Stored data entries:
[Start of section]

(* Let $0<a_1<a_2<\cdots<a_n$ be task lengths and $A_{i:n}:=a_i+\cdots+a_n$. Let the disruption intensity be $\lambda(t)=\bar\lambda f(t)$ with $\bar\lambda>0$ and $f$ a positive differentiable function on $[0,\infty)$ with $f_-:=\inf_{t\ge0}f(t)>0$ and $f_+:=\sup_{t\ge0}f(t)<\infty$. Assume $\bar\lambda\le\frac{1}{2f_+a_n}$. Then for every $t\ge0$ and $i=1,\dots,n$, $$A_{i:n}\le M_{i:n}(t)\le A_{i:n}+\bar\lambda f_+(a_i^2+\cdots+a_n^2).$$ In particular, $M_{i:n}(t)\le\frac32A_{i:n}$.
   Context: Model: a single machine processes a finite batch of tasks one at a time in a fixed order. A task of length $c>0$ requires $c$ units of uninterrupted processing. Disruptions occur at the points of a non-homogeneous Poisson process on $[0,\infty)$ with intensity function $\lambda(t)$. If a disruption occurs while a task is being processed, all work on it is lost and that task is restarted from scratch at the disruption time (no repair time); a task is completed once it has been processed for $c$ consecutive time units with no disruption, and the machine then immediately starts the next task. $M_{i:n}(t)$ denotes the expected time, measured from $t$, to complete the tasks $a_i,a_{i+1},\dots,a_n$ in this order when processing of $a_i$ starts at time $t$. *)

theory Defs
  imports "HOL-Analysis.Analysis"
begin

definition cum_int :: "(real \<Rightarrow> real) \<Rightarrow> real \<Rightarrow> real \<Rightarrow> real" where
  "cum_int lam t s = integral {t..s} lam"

[End of section]
[Start of section]

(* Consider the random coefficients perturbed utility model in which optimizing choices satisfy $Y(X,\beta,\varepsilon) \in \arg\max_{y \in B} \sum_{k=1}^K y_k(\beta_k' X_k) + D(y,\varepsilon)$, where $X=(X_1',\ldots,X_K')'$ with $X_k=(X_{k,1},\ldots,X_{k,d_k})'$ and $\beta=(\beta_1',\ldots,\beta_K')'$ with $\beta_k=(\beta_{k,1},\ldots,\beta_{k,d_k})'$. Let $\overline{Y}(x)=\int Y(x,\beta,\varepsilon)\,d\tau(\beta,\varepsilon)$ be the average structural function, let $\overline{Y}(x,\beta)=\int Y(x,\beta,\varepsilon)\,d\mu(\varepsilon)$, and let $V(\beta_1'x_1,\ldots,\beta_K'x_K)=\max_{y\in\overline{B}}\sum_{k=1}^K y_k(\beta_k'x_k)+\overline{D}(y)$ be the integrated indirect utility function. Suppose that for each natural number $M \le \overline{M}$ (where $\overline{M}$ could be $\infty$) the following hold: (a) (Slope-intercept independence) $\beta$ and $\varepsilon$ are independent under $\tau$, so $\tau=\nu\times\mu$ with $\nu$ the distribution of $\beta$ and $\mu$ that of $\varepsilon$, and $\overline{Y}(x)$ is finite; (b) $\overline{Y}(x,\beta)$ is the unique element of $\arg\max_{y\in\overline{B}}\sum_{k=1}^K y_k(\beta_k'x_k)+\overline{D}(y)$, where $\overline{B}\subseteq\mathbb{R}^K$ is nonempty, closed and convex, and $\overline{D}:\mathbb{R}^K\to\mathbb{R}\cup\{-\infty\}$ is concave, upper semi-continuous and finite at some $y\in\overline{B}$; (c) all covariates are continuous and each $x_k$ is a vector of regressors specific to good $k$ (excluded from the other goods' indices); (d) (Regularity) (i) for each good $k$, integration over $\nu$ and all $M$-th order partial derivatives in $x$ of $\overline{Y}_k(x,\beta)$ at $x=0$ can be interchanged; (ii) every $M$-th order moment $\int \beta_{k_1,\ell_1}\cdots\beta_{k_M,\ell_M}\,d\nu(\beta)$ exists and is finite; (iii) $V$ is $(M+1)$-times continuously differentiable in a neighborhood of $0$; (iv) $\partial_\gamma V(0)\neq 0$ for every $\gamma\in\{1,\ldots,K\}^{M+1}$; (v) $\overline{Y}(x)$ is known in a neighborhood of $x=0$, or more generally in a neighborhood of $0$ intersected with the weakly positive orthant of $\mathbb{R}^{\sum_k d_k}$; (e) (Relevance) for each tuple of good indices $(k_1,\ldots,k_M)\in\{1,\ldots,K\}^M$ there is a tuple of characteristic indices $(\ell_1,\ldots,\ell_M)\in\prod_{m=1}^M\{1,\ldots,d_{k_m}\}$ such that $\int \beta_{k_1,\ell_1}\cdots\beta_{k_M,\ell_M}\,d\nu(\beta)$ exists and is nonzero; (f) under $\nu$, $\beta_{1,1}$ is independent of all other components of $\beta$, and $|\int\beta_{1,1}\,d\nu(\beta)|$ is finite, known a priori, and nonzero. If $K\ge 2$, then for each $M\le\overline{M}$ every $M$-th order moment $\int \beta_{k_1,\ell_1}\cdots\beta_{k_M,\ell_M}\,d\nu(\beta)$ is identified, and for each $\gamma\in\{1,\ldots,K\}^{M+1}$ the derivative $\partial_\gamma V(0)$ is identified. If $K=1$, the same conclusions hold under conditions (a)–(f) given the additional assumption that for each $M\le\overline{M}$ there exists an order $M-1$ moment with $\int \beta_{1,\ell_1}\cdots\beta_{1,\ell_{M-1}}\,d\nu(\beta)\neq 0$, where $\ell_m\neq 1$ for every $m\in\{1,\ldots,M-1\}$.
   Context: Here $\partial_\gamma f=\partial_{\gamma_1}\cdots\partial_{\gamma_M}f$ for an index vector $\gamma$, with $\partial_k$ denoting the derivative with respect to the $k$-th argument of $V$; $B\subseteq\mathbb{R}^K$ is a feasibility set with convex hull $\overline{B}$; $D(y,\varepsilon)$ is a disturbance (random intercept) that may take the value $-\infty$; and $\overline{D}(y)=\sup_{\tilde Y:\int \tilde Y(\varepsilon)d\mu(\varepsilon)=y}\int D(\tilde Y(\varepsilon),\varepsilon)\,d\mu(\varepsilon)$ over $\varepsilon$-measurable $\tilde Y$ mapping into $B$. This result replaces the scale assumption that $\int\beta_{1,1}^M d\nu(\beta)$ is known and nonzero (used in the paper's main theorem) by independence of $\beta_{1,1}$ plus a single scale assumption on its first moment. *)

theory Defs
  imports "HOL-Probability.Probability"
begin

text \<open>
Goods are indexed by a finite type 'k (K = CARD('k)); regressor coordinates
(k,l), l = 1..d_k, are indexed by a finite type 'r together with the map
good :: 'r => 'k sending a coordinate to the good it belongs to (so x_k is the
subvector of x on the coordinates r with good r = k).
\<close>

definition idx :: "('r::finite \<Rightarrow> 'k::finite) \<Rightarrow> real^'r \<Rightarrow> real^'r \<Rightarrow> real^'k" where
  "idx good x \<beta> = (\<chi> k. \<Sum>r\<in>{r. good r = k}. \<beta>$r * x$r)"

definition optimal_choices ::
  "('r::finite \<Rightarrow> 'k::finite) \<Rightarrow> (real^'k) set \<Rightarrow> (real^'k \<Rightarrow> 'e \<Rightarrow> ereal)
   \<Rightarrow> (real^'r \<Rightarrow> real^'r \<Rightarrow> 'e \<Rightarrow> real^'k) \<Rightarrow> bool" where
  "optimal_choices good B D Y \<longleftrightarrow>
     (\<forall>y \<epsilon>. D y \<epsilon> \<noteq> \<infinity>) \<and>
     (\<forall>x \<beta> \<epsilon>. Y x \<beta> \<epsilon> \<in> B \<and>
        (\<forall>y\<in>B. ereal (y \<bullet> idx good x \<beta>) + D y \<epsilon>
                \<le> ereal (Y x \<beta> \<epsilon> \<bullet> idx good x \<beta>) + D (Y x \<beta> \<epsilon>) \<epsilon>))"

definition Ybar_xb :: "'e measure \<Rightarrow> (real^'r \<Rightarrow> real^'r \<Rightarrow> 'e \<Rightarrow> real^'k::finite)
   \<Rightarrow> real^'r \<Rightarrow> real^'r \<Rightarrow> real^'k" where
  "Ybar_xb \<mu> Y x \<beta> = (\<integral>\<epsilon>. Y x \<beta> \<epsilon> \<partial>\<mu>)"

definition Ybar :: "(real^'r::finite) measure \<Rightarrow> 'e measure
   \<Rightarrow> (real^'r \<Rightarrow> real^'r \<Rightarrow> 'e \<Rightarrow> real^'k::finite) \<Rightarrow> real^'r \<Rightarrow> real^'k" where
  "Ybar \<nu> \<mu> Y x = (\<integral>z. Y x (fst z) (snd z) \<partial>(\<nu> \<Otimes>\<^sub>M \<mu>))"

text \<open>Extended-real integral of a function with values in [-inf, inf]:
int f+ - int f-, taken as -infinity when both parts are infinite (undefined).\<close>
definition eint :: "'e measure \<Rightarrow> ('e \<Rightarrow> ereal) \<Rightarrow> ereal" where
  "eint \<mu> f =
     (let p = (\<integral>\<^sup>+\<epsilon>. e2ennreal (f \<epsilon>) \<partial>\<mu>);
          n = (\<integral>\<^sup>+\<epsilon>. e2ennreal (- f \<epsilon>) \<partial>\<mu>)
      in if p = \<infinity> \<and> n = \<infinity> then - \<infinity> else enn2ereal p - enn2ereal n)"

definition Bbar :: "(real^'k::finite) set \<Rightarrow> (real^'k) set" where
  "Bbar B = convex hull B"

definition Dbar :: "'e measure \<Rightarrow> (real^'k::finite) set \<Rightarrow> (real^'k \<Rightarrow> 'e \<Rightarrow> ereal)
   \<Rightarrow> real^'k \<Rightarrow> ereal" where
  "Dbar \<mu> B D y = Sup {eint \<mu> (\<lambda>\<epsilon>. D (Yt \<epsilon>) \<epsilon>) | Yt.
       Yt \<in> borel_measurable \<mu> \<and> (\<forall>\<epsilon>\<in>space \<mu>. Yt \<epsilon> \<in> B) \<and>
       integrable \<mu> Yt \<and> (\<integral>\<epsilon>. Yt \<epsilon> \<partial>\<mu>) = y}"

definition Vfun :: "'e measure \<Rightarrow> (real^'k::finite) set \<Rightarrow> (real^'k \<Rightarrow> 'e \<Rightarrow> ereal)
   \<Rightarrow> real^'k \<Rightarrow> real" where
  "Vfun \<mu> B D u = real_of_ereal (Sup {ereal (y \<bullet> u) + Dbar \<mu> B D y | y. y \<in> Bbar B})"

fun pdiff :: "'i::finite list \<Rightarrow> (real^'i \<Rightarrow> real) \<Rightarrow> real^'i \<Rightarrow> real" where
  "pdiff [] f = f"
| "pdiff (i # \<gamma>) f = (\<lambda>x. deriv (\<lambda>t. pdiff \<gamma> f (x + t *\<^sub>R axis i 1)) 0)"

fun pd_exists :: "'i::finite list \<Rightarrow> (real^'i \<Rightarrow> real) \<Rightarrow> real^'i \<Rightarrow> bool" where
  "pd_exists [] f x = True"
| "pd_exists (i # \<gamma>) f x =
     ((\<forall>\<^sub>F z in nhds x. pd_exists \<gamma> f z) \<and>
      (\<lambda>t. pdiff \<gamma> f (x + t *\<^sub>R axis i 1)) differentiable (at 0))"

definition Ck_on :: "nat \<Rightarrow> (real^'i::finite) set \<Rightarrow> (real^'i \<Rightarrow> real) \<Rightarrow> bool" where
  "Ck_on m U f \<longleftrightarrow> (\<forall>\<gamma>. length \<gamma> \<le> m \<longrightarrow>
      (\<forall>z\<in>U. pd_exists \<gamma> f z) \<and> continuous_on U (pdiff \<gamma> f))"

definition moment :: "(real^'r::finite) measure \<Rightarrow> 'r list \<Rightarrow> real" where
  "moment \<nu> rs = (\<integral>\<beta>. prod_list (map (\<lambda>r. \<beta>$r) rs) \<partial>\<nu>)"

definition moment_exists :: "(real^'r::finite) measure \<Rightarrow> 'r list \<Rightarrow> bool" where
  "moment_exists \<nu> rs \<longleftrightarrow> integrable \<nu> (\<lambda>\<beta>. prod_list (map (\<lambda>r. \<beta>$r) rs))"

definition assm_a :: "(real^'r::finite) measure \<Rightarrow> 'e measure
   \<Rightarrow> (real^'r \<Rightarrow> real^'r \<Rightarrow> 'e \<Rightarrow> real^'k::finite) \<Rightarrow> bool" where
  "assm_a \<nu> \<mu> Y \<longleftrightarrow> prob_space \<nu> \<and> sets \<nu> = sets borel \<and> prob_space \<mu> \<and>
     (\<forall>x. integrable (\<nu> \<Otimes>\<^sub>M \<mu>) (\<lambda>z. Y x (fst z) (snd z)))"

[End of section]
[Start of section]

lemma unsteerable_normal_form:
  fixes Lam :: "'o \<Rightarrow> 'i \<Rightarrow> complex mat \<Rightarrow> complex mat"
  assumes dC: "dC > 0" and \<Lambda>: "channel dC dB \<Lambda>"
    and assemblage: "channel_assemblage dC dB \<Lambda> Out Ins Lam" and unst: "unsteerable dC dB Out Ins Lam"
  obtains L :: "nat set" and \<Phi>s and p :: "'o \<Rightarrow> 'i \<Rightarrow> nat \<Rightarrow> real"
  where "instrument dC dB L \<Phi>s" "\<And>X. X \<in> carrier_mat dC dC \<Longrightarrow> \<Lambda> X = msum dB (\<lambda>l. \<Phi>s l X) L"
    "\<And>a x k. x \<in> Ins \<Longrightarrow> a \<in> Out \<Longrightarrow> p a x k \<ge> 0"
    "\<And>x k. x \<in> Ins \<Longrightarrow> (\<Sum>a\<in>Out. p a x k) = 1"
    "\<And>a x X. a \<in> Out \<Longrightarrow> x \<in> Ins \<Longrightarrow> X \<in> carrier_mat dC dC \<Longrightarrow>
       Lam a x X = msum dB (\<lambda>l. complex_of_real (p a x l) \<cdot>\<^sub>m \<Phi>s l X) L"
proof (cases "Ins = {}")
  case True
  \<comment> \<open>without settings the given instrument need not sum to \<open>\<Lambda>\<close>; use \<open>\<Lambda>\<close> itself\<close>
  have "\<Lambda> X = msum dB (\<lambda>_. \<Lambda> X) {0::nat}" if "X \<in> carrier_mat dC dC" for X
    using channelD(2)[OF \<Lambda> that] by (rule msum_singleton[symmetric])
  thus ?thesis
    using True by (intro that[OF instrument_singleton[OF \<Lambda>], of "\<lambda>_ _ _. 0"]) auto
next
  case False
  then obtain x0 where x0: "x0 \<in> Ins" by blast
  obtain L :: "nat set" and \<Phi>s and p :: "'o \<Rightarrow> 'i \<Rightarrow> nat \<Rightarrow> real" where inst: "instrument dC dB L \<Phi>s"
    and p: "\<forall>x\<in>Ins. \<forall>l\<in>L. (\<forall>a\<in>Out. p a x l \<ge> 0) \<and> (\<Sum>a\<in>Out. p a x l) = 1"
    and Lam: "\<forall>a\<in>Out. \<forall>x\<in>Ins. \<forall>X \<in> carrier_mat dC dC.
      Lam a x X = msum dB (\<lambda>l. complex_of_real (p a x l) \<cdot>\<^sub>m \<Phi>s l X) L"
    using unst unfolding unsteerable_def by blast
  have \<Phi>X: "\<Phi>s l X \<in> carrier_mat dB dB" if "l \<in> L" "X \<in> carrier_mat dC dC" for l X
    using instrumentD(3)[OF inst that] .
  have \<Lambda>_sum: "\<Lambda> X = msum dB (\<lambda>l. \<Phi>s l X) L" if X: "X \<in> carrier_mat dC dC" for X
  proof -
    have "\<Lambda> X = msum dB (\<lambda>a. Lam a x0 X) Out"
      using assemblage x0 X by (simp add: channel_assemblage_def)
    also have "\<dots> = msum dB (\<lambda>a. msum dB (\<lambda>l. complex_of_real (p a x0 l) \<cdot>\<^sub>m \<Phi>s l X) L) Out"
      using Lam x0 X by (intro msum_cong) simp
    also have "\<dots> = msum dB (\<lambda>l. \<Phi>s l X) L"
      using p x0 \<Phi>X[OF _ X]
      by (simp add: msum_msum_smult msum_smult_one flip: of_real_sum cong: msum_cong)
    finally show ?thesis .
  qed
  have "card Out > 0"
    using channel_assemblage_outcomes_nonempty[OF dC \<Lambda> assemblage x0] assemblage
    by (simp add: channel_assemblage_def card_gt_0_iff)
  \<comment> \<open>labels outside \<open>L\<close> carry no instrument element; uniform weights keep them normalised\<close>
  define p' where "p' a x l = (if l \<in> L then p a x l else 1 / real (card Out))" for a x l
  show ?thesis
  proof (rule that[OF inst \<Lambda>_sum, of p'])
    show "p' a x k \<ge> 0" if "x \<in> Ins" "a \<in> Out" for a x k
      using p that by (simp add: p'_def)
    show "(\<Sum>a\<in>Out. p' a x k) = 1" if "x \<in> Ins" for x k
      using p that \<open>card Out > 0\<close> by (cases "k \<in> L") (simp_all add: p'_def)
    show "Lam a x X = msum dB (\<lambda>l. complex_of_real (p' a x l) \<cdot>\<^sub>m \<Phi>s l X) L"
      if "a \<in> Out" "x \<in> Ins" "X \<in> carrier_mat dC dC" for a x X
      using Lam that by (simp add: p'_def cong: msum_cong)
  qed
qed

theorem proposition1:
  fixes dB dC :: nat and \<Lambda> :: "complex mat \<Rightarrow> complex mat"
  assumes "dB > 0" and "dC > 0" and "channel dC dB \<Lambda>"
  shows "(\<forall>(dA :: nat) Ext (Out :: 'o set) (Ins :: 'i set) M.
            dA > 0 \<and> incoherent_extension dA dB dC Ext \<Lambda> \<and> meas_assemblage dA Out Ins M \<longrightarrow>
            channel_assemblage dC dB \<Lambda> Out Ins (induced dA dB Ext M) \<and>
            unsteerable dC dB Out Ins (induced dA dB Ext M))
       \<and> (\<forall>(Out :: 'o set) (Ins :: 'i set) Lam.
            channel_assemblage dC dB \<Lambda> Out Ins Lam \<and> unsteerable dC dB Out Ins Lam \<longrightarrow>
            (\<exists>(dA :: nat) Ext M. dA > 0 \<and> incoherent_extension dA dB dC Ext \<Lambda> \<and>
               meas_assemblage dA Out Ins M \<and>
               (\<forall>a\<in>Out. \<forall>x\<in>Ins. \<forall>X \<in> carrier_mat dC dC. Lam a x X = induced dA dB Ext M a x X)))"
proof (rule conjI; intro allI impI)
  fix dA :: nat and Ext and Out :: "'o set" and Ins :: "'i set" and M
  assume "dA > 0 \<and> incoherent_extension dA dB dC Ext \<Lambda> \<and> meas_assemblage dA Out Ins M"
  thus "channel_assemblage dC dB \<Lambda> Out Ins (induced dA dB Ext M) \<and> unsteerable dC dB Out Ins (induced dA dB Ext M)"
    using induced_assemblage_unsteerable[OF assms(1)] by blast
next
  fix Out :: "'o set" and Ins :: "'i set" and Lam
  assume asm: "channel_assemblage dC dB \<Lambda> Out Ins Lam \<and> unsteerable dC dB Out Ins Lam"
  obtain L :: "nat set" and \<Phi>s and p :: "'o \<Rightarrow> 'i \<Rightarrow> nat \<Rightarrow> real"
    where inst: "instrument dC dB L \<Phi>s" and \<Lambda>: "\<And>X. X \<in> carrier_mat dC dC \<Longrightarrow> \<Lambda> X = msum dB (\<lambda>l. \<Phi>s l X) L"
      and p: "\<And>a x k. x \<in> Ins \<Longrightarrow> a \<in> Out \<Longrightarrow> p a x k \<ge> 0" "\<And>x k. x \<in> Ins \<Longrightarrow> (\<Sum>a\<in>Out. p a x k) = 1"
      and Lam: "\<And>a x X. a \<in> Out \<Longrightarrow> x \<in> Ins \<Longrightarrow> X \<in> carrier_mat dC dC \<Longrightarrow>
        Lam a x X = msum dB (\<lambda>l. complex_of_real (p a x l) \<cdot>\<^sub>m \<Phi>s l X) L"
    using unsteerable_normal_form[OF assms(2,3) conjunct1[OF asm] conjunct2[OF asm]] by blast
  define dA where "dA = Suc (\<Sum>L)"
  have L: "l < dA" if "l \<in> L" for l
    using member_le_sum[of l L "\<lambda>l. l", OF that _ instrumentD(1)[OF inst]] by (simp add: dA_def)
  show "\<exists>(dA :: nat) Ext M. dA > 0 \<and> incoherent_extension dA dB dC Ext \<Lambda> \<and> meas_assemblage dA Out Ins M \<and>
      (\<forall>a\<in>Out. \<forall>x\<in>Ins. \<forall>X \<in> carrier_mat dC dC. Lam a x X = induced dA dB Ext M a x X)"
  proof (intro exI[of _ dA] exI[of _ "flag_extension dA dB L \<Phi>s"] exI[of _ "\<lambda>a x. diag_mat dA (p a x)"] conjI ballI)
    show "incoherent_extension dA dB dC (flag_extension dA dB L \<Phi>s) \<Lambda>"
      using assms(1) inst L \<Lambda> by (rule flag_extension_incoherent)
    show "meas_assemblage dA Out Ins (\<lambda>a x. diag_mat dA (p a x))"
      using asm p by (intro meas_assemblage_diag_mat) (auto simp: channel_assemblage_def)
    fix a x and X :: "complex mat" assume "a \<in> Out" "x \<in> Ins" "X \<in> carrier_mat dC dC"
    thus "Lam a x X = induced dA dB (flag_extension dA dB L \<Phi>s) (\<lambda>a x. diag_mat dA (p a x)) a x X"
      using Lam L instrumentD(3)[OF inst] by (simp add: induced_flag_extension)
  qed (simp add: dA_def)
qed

[End of section]

§ TASK DIRECTIONS:
Your reply is to repeat, unchanged, the lines above running from the one with "proof (rule conjI; intro allI impI)" up to and including the one with "M) \<and> unsteerable".

§ RESPONSE:
proof (rule conjI; intro allI impI)
  fix dA :: nat and Ext and Out :: "'o set" and Ins :: "'i set" and M
  assume "dA > 0 \<and> incoherent_extension dA dB dC Ext \<Lambda> \<and> meas_assemblage dA Out Ins M"
  thus "channel_assemblage dC dB \<Lambda> Out Ins (induced dA dB Ext M) \<and> unsteerable dC dB Out Ins (induced dA dB Ext M)"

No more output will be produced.